President’s Pen Summer 2013
The College ’s celebration of 175 years of women of influence culminated with a spectacular all-alumnae lineup of honorary degree recipients for Mount Holyoke’s 176th commencement. Joanne Lupton ’66, Mary Mazzio ’83, Mona Sutphen ’89, and Kavita Ramdas ’85 inspired and challenged our graduates to carry out our mission of using liberal learning for purposeful engagement in the world. In her commencement address, Ramdas offered an articulate and compelling case for why “a Mount Holyoke education—a women’s college education, a liberal arts education—matters. At the heart of her argument was the conviction that “we need uncommon women” for the “uncommon problems” of today’s world—“women who are so strong they can be gentle, so educated they can be humble, so fierce they can be compassionate, so passionate they can be rational, and so disciplined they can be free.”
Throughout commencement weekend and during the following week’s Reunion II activities, I had the opportunity to meet with hundreds of such women and to hear the stories of how Mount Holyoke has shaped their lives and careers.

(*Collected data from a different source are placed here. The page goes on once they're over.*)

lemma is_cproj_imp_is_rproj:
  assumes "is_cproj J P"
  shows "is_rproj P"
proof -
  have "inner (P x) y = inner x (P y)" for x y
    using arg_cong[of "cinner J (P x) y" "cinner J x (P y)" Re] assms
    unfolding is_cproj_def cinner_def by simp
  then show ?thesis
    using assms unfolding is_cproj_def is_rproj_def by blast
qed

lemma is_rproj_commute_if_invariant:
  assumes J: "complex_structure J" and E: "is_rproj E" and inv: "J ` range E \<subseteq> range E"
  shows "E (J x) = J (E x)"
proof -
  have sa: "inner (E u) v = inner u (E v)" for u v
    using E unfolding is_rproj_def by blast
  have fix_J: "E (J (E u)) = J (E u)" for u
  proof -
    obtain w where "J (E u) = E w"
      using inv by blast
    then show ?thesis
      using E unfolding is_rproj_def by simp
  qed
  have "inner (E (J x)) y = inner (J (E x)) y" for y
  proof -
    have "inner (E (J x)) y = - inner x (J (E y))"
      by (simp add: sa complex_structure_skew[OF J])
    also have "\<dots> = - inner (E x) (J (E y))"
      using sa[of x "J (E y)"] fix_J[of y] by simp
    also have "\<dots> = inner (J (E x)) y"
      using complex_structure_skew[OF J, of "E x" "E y"] sa[of "J (E x)" y] fix_J[of x] by simp
    finally show ?thesis .
  qed
  then show ?thesis
    using vector_eq_rdot[of "E (J x)" "J (E x)"] by simp
qed

lemma is_rproj_imp_is_cproj:
  assumes J: "complex_structure J" and E: "is_rproj E" and inv: "J ` range E \<subseteq> range E"
  shows "is_cproj J E"
proof -
  have lin: "linear E" and sa: "\<And>x y. inner (E x) y = inner x (E y)"
    using E unfolding is_rproj_def by auto
  note comm = is_rproj_commute_if_invariant[OF assms]
  have "E (cscale J c x) = cscale J c (E x)" for c x
    unfolding cscale_def using lin comm by (simp add: linear_add linear_scale)
  moreover have "cinner J (E x) y = cinner J x (E y)" for x y
    unfolding cinner_def using sa[of x y] sa[of x "J y"] comm[of y] by simp
  ultimately show ?thesis
    using E unfolding is_cproj_def is_rproj_def by blast
qed

lemma cproj_onto_eq_rproj_onto:
  assumes "complex_structure J" "J ` M \<subseteq> M"
  shows "cproj_onto J M = rproj_onto M"
proof -
  have "is_cproj J E \<and> range E = M \<longleftrightarrow> is_rproj E \<and> range E = M" for E
    using assms is_cproj_imp_is_rproj is_rproj_imp_is_cproj by blast
  then show ?thesis
    unfolding cproj_onto_def rproj_onto_def by simp
qed

lemma invariant_closure_span:
  assumes J: "complex_structure J" and S: "J ` S \<subseteq> S"
  shows "J ` closure (span S) \<subseteq> closure (span S)"
proof (rule image_closure_subset)
  show "continuous_on (closure (span S)) J"
    using bounded_linear_complex_structure[OF J] linear_continuous_on by blast
  have "J ` span S = span (J ` S)"
    using span_linear_image[OF complex_structureD(1)[OF J]] by simp
  also have "\<dots> \<subseteq> span S"
    using S by (simp add: span_mono)
  finally show "J ` span S \<subseteq> closure (span S)"
    using closure_subset by blast
qed simp

lemma cSup_eq_rSup:
  assumes J: "complex_structure J" and "\<forall>P\<in>\<P>. is_cproj J P"
  shows "cSup J \<P> = rSup \<P>"
proof -
  let ?S = "\<Union>P\<in>\<P>. range P"
  have inv: "J ` ?S \<subseteq> ?S"
    using assms(2) is_cproj_range_invariant by blast
  then have "cspan J ?S = span ?S"
    unfolding cspan_def by (simp add: Un_absorb2)
  then show ?thesis
    unfolding cSup_def rSup_def
    using cproj_onto_eq_rproj_onto[OF J invariant_closure_span[OF J inv]] by simp
qed

lemma cjoin_eq_rjoin:
  assumes "complex_structure J" "is_cproj J P" "is_cproj J Q"
  shows "cjoin J P Q = rjoin P Q"
  unfolding cjoin_def rjoin_def using cSup_eq_rSup[OF assms(1)] assms(2,3) by simp

lemma cmeet_eq_rmeet:
  assumes J: "complex_structure J" and "is_cproj J P" "is_cproj J Q"
  shows "cmeet J P Q = rmeet P Q"
proof -
  have "J ` (range P \<inter> range Q) \<subseteq> range P \<inter> range Q"
    using assms(2,3) is_cproj_range_invariant by blast
  then show ?thesis
    unfolding cmeet_def rmeet_def using cproj_onto_eq_rproj_onto[OF J] by simp
qed

lemma cperp_eq_rinv:
  assumes "complex_structure J" "is_cproj J P"
  shows "cperp P = rinv J P"
  unfolding cperp_def rinv_def
  using is_cproj_commute[OF assms(2)] complex_structureD(2)[OF assms(1)] by simp

lemma inj_if_preserves_inner:
  assumes "linear U" "\<And>x y. inner (U x) (U y) = inner x y"
  shows "inj U"
proof (rule injI)
  fix x y
  assume "U x = U y"
  then have "U (x - y) = 0"
    using assms(1) by (simp add: linear_diff)
  then show "x = y"
    using assms(2)[of "x - y" "x - y"] by simp
qed

lemma is_cproj_conjugate:
  assumes surj: "surj U" and lin: "linear U"
    and scale: "\<And>c x. U (cscale J c x) = cscale J (\<sigma> c) (U x)"
    and isom: "\<And>x y. cinner J (U x) (U y) = \<sigma> (cinner J x y)"
    and \<sigma>: "\<And>c. \<sigma> (\<sigma> c) = c" "\<And>c. Re (\<sigma> c) = Re c"
    and P: "is_cproj J P"
  shows "is_cproj J (U \<circ> P \<circ> inv U)"
proof -
  have "inner (U x) (U y) = inner x y" for x y
    using arg_cong[OF isom, of Re] \<sigma>(2) by (simp add: cinner_def)
  then have "inj U"
    using inj_if_preserves_inner lin by blast
  define V where "V = inv U"
  have UV: "U (V y) = y" for y
    unfolding V_def using surj by (simp add: surj_f_inv_f)
  have VU: "V (U x) = x" for x
    unfolding V_def using \<open>inj U\<close> by simp
  have "linear V"
  proof (rule linearI)
    show "V (a + b) = V a + V b" for a b
      using VU[of "V a + V b"] by (simp add: linear_add[OF lin] UV)
    show "V (r *\<^sub>R a) = r *\<^sub>R V a" for r a
      using VU[of "r *\<^sub>R V a"] by (simp add: linear_scale[OF lin] UV)
  qed
  have scale_V: "V (cscale J c y) = cscale J (\<sigma> c) (V y)" for c y
    by (metis UV VU scale \<sigma>(1))
  have linP: "linear P" and scale_P: "\<And>c x. P (cscale J c x) = cscale J c (P x)"
    and sa_P: "\<And>x y. cinner J (P x) y = cinner J x (P y)" and idem_P: "\<And>x. P (P x) = P x"
    using P unfolding is_cproj_def by auto
  have "cinner J (U (P (V x))) y = cinner J x (U (P (V y)))" for x y
  proof -
    have "cinner J (U (P (V x))) y = \<sigma> (cinner J (P (V x)) (V y))"
      by (metis UV isom)
    also have "\<dots> = \<sigma> (cinner J (V x) (P (V y)))"
      by (simp add: sa_P)
    also have "\<dots> = cinner J x (U (P (V y)))"
      by (metis UV isom)
    finally show ?thesis .
  qed
  moreover have "linear (U \<circ> P \<circ> V)"
    using lin linP \<open>linear V\<close> by (simp add: linear_compose)
  ultimately show ?thesis
    unfolding is_cproj_def V_def[symmetric] by (simp add: scale_V scale_P scale \<sigma>(1) VU idem_P)
qed

lemma is_cproj_cact:
  assumes "U \<in> AU J" "is_cproj J P"
  shows "is_cproj J (cact U P)"
  using assms(1) unfolding AU_def cact_def
proof (elim CollectE disjE)
  assume "unitary J U"
  then show "is_cproj J (U \<circ> P \<circ> inv U)"
    unfolding unitary_def by (intro is_cproj_conjugate[where \<sigma> = "\<lambda>c. c"] assms(2)) auto
next
  assume "antiunitary J U"
  then show "is_cproj J (U \<circ> P \<circ> inv U)"
    unfolding antiunitary_def by (intro is_cproj_conjugate[where \<sigma> = cnj] assms(2)) auto
qed

theorem lemma2p10:
  fixes J :: "'a::{real_inner, complete_space} \<Rightarrow> 'a"
  assumes "complex_structure J"
  shows "(\<forall>P. is_cproj J P \<longrightarrow> is_rproj (incl P))
    \<and> inj_on incl {P. is_cproj J P}
    \<and> incl (\<lambda>x::'a. 0) = (\<lambda>x. 0) \<and> incl (id::'a \<Rightarrow> 'a) = id
    \<and> (\<forall>P. is_cproj J P \<longrightarrow> incl (cperp P) = rinv J (incl P))
    \<and> (\<forall>P Q. is_cproj J P \<and> is_cproj J Q \<longrightarrow>
          incl (cjoin J P Q) = rjoin (incl P) (incl Q)
        \<and> incl (cmeet J P Q) = rmeet (incl P) (incl Q))
    \<and> (\<forall>\<P>. (\<forall>P\<in>\<P>. is_cproj J P) \<and> (\<forall>P\<in>\<P>. \<forall>Q\<in>\<P>. P \<noteq> Q \<longrightarrow> cle J P (cperp Q)) \<longrightarrow>
          incl (cSup J \<P>) = rSup (incl ` \<P>))
    \<and> (\<forall>U\<in>AU J. \<forall>P. is_cproj J P \<longrightarrow>
          is_cproj J (cact U P) \<and> incl (cact U P) = ract U (incl P))"
proof -
  have incl_id: "incl = id"
    by (simp add: incl_def fun_eq_iff)
  show ?thesis
    using is_cproj_imp_is_rproj cperp_eq_rinv[OF assms]
      cjoin_eq_rjoin[OF assms] cmeet_eq_rmeet[OF assms]
      cSup_eq_rSup[OF assms] is_cproj_cact
    by (simp add: incl_id ract_def cact_def[symmetric]) blast
qed

end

Each of these alumnae was eager to serve as a mentor and role model for current students and recent graduates who are destined to be the next generation of women leaders. In talking to them, it occurred to me that Mount Holyoke women indeed both look forward and give back!
As we marched in the Laurel Parade and gathered at Mary Lyon’s grave and in Chapin Auditorium, we were reminded of all that binds us together across generations and of all that we can do together to make a difference in the world. Standing at the grave site, I recounted the meaning behind the tradition of singing “Bread and Roses,” begun on campus in 1978, of paying tribute to and showing solidarity with the women textile workers who championed the 1912 Lawrence mill strike. In doing so, I could not help but think of the more than 1,100 garment workers who were crushed to death in last April’s factory collapse in Dhaka, Bangladesh. There is still so much work to be done to meet the demands of economic, social, and environmental justice for women worldwide, and Mount Holyoke students and alumnae are poised to lead the way.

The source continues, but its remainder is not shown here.